▶ Work order: Where the word "cases" occurs in a line of the listing below, copy that line.

▶ Data supplied:
lemma fair_nonempty_if_opt_cost_finite: "opt_cost t \<tau> < \<infinity> \<Longrightarrow> fair t \<tau> \<noteq> {}"
  unfolding opt_cost_def by (auto simp flip: top_ereal_def)

lemma opt_cost_finite_if_fair: "\<pi> \<in> fair t \<tau> \<Longrightarrow> opt_cost t \<tau> < \<infinity>"
  using opt_cost_le[of \<pi> t \<tau>] by auto

lemma opt_cost_0: "opt_cost 0 \<tau> = (if \<psi> \<tau> \<le> \<kappa> then 0 else \<infinity>)"
  unfolding opt_cost_def fair_shields_cond_0 Ecost_cond_0 by (simp add: top_ereal_def)

definition step_value :: "nat \<Rightarrow> trace \<Rightarrow> inp \<Rightarrow> ereal" where
  "step_value t \<tau> x = (case x of (g, r, c) \<Rightarrow>
     min (opt_cost t (\<tau> @ [(x, r)])) (opt_cost t (\<tau> @ [(x, \<not> r)]) + ereal c))"

lemma step_value_le: "step_value t \<tau> x \<le> opt_cost t (\<tau> @ [(x, y)]) + ereal (dev_cost x y)"
  by (cases x) (auto simp: step_value_def dev_cost_def)

lemma step_value_attained: "\<exists>y. step_value t \<tau> x = opt_cost t (\<tau> @ [(x, y)]) + ereal (dev_cost x y)"
proof -
  obtain g r c where x: "x = (g, r, c)"
    by (cases x) auto
  show ?thesis
    by (cases "opt_cost t (\<tau> @ [(x, r)]) \<le> opt_cost t (\<tau> @ [(x, \<not> r)]) + ereal c")
      (auto simp: x step_value_def dev_cost_def min_def)
qed

lemma step_value_nonneg: "x \<in> Xs C \<Longrightarrow> 0 \<le> step_value t \<tau> x"
  using step_value_attained[of t \<tau> x] opt_cost_nonneg dev_cost_nonneg[OF C_nonneg]
  by (metis add_nonneg_nonneg ereal_less_eq(5))

definition bellman :: "nat \<Rightarrow> trace \<Rightarrow> ereal" where
  "bellman t \<tau> = (\<Sum>x\<in>Xs C. ereal (\<theta> x) * step_value t \<tau> x)"

lemma step_value_finite:
  assumes finite: "bellman t \<tau> < \<infinity>" and pos: "\<theta> x > 0"
  shows "step_value t \<tau> x < \<infinity>"
proof -
  have x: "x \<in> Xs C"
    using \<theta>_supp[of x] pos by force
  have "ereal (\<theta> x) * step_value t \<tau> x \<le> bellman t \<tau>"
    using sum_mono2[of "Xs C" "{x}" "\<lambda>z. ereal (\<theta> z) * step_value t \<tau> z"]
      finite_Xs[OF finite_C] x step_value_nonneg \<theta>_nonneg ereal_mult_left_mono[of 0]
    unfolding bellman_def by fastforce
  then have "ereal (\<theta> x) * step_value t \<tau> x < \<infinity>"
    using finite by (rule le_less_trans)
  with pos show ?thesis
    by (cases "step_value t \<tau> x") auto
qed

lemma bellman_le_Ecost_cond:
  assumes \<pi>: "\<pi> \<in> fair (Suc t) \<tau>"
  shows "bellman t \<tau> \<le> ereal (ecost \<pi> \<tau> (Suc t))"
  unfolding bellman_def ereal_Ecost_cond_Suc
proof (rule sum_mono)
  fix x
  show "ereal (\<theta> x) * step_value t \<tau> x \<le>
      ereal (\<theta> x) * (ereal (ecost \<pi> (\<tau> @ [(x, \<pi> \<tau> x)]) t) + ereal (dev_cost x (\<pi> \<tau> x)))"
  proof (cases "\<theta> x > 0")
    case True
    with \<pi> have "\<pi> \<in> fair t (\<tau> @ [(x, \<pi> \<tau> x)])"
      unfolding fair_shields_cond_Suc by blast
    then have "step_value t \<tau> x \<le> ereal (ecost \<pi> (\<tau> @ [(x, \<pi> \<tau> x)]) t) + ereal (dev_cost x (\<pi> \<tau> x))"
      using step_value_le[of t \<tau> x "\<pi> \<tau> x"] by (meson add_right_mono opt_cost_le order_trans)
    then show ?thesis
      by (rule ereal_mult_left_mono) (simp add: \<theta>_nonneg)
  next
    case False
    then have "\<theta> x = 0"
      using \<theta>_nonneg[of x] by linarith
    then show ?thesis
      by (simp flip: zero_ereal_def)
  qed
qed

lemma bellman_le_opt_cost: "bellman t \<tau> \<le> opt_cost (Suc t) \<tau>"
  unfolding opt_cost_def by (rule INF_greatest) (rule bellman_le_Ecost_cond)

lemma Ecost_cond_eq_bellman:
  assumes step: "\<And>x. \<theta> x > 0 \<Longrightarrow> \<pi> \<in> fair t (\<tau> @ [(x, \<pi> \<tau> x)]) \<and>
      ereal (ecost \<pi> (\<tau> @ [(x, \<pi> \<tau> x)]) t) + ereal (dev_cost x (\<pi> \<tau> x)) = step_value t \<tau> x"
  shows "\<pi> \<in> fair (Suc t) \<tau>" and "ereal (ecost \<pi> \<tau> (Suc t)) = bellman t \<tau>"
proof -
  show "\<pi> \<in> fair (Suc t) \<tau>"
    unfolding fair_shields_cond_Suc using step by blast
  have "ereal (\<theta> x) * (ereal (ecost \<pi> (\<tau> @ [(x, \<pi> \<tau> x)]) t) + ereal (dev_cost x (\<pi> \<tau> x))) =
      ereal (\<theta> x) * step_value t \<tau> x" for x
  proof (cases "\<theta> x > 0")
    case True
    then have "ereal (ecost \<pi> (\<tau> @ [(x, \<pi> \<tau> x)]) t) + ereal (dev_cost x (\<pi> \<tau> x)) = step_value t \<tau> x"
      using step by blast
    then show ?thesis
      by (simp only:)
  next
    case False
    then have "\<theta> x = 0"
      using \<theta>_nonneg[of x] by linarith
    then show ?thesis
      by (simp flip: zero_ereal_def)
  qed
  then show "ereal (ecost \<pi> \<tau> (Suc t)) = bellman t \<tau>"
    unfolding ereal_Ecost_cond_Suc bellman_def by simp
qed

lemma bellman_attained:
  assumes optimal: "\<And>\<tau>'. fair t \<tau>' \<noteq> {} \<Longrightarrow> \<exists>\<pi>\<in>fair t \<tau>'. ereal (ecost \<pi> \<tau>' t) = opt_cost t \<tau>'"
    and finite: "bellman t \<tau> < \<infinity>"
  shows "\<exists>\<pi>\<in>fair (Suc t) \<tau>. ereal (ecost \<pi> \<tau> (Suc t)) = bellman t \<tau>"
proof -
  obtain act where act: "\<And>x. step_value t \<tau> x = opt_cost t (\<tau> @ [(x, act x)]) + ereal (dev_cost x (act x))"
    using step_value_attained by metis
  have "\<exists>\<pi>. \<theta> x > 0 \<longrightarrow> \<pi> \<in> fair t (\<tau> @ [(x, act x)]) \<and>
      ereal (ecost \<pi> (\<tau> @ [(x, act x)]) t) = opt_cost t (\<tau> @ [(x, act x)])" for x
  proof (cases "\<theta> x > 0")
    case True
    then have "opt_cost t (\<tau> @ [(x, act x)]) + ereal (dev_cost x (act x)) < \<infinity>"
      using step_value_finite[OF finite] act by metis
    then have "opt_cost t (\<tau> @ [(x, act x)]) < \<infinity>"
      by (cases "opt_cost t (\<tau> @ [(x, act x)])") auto
    then show ?thesis
      using optimal fair_nonempty_if_opt_cost_finite by blast
  qed simp
  then obtain cont where cont: "\<And>x. \<theta> x > 0 \<Longrightarrow> cont x \<in> fair t (\<tau> @ [(x, act x)]) \<and>
      ereal (ecost (cont x) (\<tau> @ [(x, act x)]) t) = opt_cost t (\<tau> @ [(x, act x)])"
    by metis
  \<comment> \<open>After the first decision, the glued shield follows the continuation chosen for the first input.\<close>
  define \<pi> :: shield where "\<pi> h z = (if h = \<tau> then act z else cont (fst (h ! length \<tau>)) h z)" for h z
  have \<pi>_\<tau>: "\<pi> \<tau> x = act x" for x
    by (simp add: \<pi>_def)
  have \<pi>_after: "\<pi> ((\<tau> @ [(x, act x)]) @ h) z = cont x ((\<tau> @ [(x, act x)]) @ h) z" for x h z
    by (simp add: \<pi>_def)
  have "\<pi> \<in> fair t (\<tau> @ [(x, \<pi> \<tau> x)]) \<and>
      ereal (ecost \<pi> (\<tau> @ [(x, \<pi> \<tau> x)]) t) + ereal (dev_cost x (\<pi> \<tau> x)) = step_value t \<tau> x"
    if "\<theta> x > 0" for x
  proof -
    have "\<pi> \<in> fair t (\<tau> @ [(x, act x)]) \<longleftrightarrow> cont x \<in> fair t (\<tau> @ [(x, act x)])"
      by (rule fair_shields_cond_cong) (rule \<pi>_after)
    moreover have "ecost \<pi> (\<tau> @ [(x, act x)]) t = ecost (cont x) (\<tau> @ [(x, act x)]) t"
      by (rule Ecost_cond_cong) (rule \<pi>_after)
    ultimately show ?thesis
      using cont[OF that] act[of x] by (simp add: \<pi>_\<tau>)
  qed
  then show ?thesis
    using Ecost_cond_eq_bellman by blast
qed

lemma optimal_shield_exists: "fair t \<tau> \<noteq> {} \<Longrightarrow> \<exists>\<pi>\<in>fair t \<tau>. ereal (ecost \<pi> \<tau> t) = opt_cost t \<tau>"
proof (induction t arbitrary: \<tau>)
  case 0
  then show ?case
    by (simp add: opt_cost_0 fair_shields_cond_0 Ecost_cond_0 split: if_splits)
next
  case (Suc t)
  then obtain \<pi>\<^sub>0 where "\<pi>\<^sub>0 \<in> fair (Suc t) \<tau>"
    by blast
  then have "bellman t \<tau> < \<infinity>"
    using bellman_le_Ecost_cond le_less_trans by fastforce
  then obtain \<pi> where \<pi>: "\<pi> \<in> fair (Suc t) \<tau>" "ereal (ecost \<pi> \<tau> (Suc t)) = bellman t \<tau>"
    using bellman_attained[OF Suc.IH] by blast
  then have "opt_cost (Suc t) \<tau> \<le> bellman t \<tau>"
    using opt_cost_le by metis
  with \<pi> show ?case
    using bellman_le_opt_cost[of t \<tau>] by auto
qed

lemma opt_cost_Suc: "opt_cost (Suc t) \<tau> = bellman t \<tau>"
proof (cases "bellman t \<tau> < \<infinity>")
  case True
  then obtain \<pi> where "\<pi> \<in> fair (Suc t) \<tau>" "ereal (ecost \<pi> \<tau> (Suc t)) = bellman t \<tau>"
    using bellman_attained[OF optimal_shield_exists] by blast
  then have "opt_cost (Suc t) \<tau> \<le> bellman t \<tau>"
    using opt_cost_le by metis
  then show ?thesis
    using bellman_le_opt_cost by (rule antisym)
next
  case False
  then show ?thesis
    using bellman_le_opt_cost[of t \<tau>] by simp
qed

lemma greedy_shield_optimal:
  assumes greedy: "\<And>\<tau> x y. length \<tau> < T \<Longrightarrow> set \<tau> \<subseteq> Xs C \<times> UNIV \<Longrightarrow> x \<in> Xs C \<Longrightarrow>
      opt_cost (T - Suc (length \<tau>)) (\<tau> @ [(x, \<pi> \<tau> x)]) + ereal (dev_cost x (\<pi> \<tau> x))
        \<le> opt_cost (T - Suc (length \<tau>)) (\<tau> @ [(x, y)]) + ereal (dev_cost x y)"
  shows "length \<tau> + t = T \<Longrightarrow> set \<tau> \<subseteq> Xs C \<times> UNIV \<Longrightarrow> opt_cost t \<tau> < \<infinity> \<Longrightarrow>
      \<pi> \<in> fair t \<tau> \<and> ereal (ecost \<pi> \<tau> t) = opt_cost t \<tau>"
proof (induction t arbitrary: \<tau>)
  case 0
  then show ?case
    by (simp add: opt_cost_0 fair_shields_cond_0 Ecost_cond_0 split: if_splits)
next
  case (Suc t)
  have short: "length \<tau> < T" and remaining: "T - Suc (length \<tau>) = t"
    using Suc.prems(1) by auto
  have finite: "bellman t \<tau> < \<infinity>"
    using Suc.prems(3) by (simp add: opt_cost_Suc)
  have "\<pi> \<in> fair t (\<tau> @ [(x, \<pi> \<tau> x)]) \<and>
      ereal (ecost \<pi> (\<tau> @ [(x, \<pi> \<tau> x)]) t) + ereal (dev_cost x (\<pi> \<tau> x)) = step_value t \<tau> x"
    if pos: "\<theta> x > 0" for x
  proof -
    have x: "x \<in> Xs C"
      using \<theta>_supp[of x] pos by force
    obtain y where y: "step_value t \<tau> x = opt_cost t (\<tau> @ [(x, y)]) + ereal (dev_cost x y)"
      using step_value_attained by blast
    have "opt_cost t (\<tau> @ [(x, \<pi> \<tau> x)]) + ereal (dev_cost x (\<pi> \<tau> x)) \<le> step_value t \<tau> x"
      using greedy[OF short Suc.prems(2) x, of y] y remaining by simp
    then have step: "opt_cost t (\<tau> @ [(x, \<pi> \<tau> x)]) + ereal (dev_cost x (\<pi> \<tau> x)) = step_value t \<tau> x"
      using step_value_le by (rule antisym)
    then have "opt_cost t (\<tau> @ [(x, \<pi> \<tau> x)]) < \<infinity>"
      using step_value_finite[OF finite pos] by (cases "opt_cost t (\<tau> @ [(x, \<pi> \<tau> x)])") auto
    moreover have "length (\<tau> @ [(x, \<pi> \<tau> x)]) + t = T" "set (\<tau> @ [(x, \<pi> \<tau> x)]) \<subseteq> Xs C \<times> UNIV"
      using Suc.prems(1,2) x by auto
    ultimately show ?thesis
      using Suc.IH step by simp
  qed
  then show ?case
    using Ecost_cond_eq_bellman by (simp add: opt_cost_Suc)
qed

▶ Task output:
  by (cases x) (auto simp: step_value_def dev_cost_def)
    by (cases x) auto
    by (cases "opt_cost t (\<tau> @ [(x, r)]) \<le> opt_cost t (\<tau> @ [(x, \<not> r)]) + ereal c")
    by (cases "step_value t \<tau> x") auto
  proof (cases "\<theta> x > 0")
  proof (cases "\<theta> x > 0")
  proof (cases "\<theta> x > 0")
      by (cases "opt_cost t (\<tau> @ [(x, act x)])") auto
proof (cases "bellman t \<tau> < \<infinity>")
      using step_value_finite[OF finite pos] by (cases "opt_cost t (\<tau> @ [(x, \<pi> \<tau> x)])") auto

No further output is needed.